• TASK PROMPT: Each line from the one that contains "unfolding deg_in_def lookup_sum" to the last line of the records below must be restated word for word.

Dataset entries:
>>>
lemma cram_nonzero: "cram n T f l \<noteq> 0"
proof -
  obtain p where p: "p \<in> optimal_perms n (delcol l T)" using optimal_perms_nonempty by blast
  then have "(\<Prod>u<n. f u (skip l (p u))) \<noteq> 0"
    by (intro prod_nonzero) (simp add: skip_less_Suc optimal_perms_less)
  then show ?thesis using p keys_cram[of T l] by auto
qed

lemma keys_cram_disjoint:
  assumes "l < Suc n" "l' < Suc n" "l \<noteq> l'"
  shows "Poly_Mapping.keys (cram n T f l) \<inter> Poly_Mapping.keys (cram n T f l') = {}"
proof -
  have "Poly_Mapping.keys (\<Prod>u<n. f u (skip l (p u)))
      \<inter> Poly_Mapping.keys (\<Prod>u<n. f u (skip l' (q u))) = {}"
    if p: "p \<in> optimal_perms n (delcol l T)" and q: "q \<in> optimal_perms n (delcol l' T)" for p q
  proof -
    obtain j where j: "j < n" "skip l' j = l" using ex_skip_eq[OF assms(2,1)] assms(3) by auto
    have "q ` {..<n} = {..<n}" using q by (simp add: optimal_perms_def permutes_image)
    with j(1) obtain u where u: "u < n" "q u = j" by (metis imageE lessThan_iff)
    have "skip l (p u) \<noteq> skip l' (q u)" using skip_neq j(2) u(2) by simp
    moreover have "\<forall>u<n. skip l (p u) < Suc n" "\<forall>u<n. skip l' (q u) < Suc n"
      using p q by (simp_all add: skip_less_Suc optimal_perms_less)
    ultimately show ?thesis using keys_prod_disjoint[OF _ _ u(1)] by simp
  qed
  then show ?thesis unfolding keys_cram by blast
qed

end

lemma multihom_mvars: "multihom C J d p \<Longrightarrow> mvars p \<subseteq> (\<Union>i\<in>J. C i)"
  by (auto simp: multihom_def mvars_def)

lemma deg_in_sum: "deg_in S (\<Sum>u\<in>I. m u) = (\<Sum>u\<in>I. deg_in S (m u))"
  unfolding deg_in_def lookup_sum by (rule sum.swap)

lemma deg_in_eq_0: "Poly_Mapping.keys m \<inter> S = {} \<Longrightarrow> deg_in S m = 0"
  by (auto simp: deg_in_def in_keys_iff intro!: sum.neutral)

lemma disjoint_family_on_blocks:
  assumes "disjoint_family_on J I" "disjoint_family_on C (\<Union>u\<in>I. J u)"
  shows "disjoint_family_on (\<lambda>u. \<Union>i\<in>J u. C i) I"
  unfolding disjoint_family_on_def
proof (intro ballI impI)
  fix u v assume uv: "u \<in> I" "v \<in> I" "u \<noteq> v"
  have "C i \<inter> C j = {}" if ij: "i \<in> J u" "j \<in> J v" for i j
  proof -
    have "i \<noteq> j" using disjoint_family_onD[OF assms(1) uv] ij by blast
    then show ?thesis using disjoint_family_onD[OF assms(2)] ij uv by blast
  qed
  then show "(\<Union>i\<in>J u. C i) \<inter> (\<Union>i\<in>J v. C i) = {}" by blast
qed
<<<
• RESPONSE TO THIS TASK:
  unfolding deg_in_def lookup_sum by (rule sum.swap)

lemma deg_in_eq_0: "Poly_Mapping.keys m \<inter> S = {} \<Longrightarrow> deg_in S m = 0"
  by (auto simp: deg_in_def in_keys_iff intro!: sum.neutral)

lemma disjoint_family_on_blocks:
  assumes "disjoint_family_on J I" "disjoint_family_on C (\<Union>u\<in>I. J u)"
  shows "disjoint_family_on (\<lambda>u. \<Union>i\<in>J u. C i) I"
  unfolding disjoint_family_on_def
proof (intro ballI impI)
  fix u v assume uv: "u \<in> I" "v \<in> I" "u \<noteq> v"
  have "C i \<inter> C j = {}" if ij: "i \<in> J u" "j \<in> J v" for i j
  proof -
    have "i \<noteq> j" using disjoint_family_onD[OF assms(1) uv] ij by blast
    then show ?thesis using disjoint_family_onD[OF assms(2)] ij uv by blast
  qed
  then show "(\<Union>i\<in>J u. C i) \<inter> (\<Union>i\<in>J v. C i) = {}" by blast
qed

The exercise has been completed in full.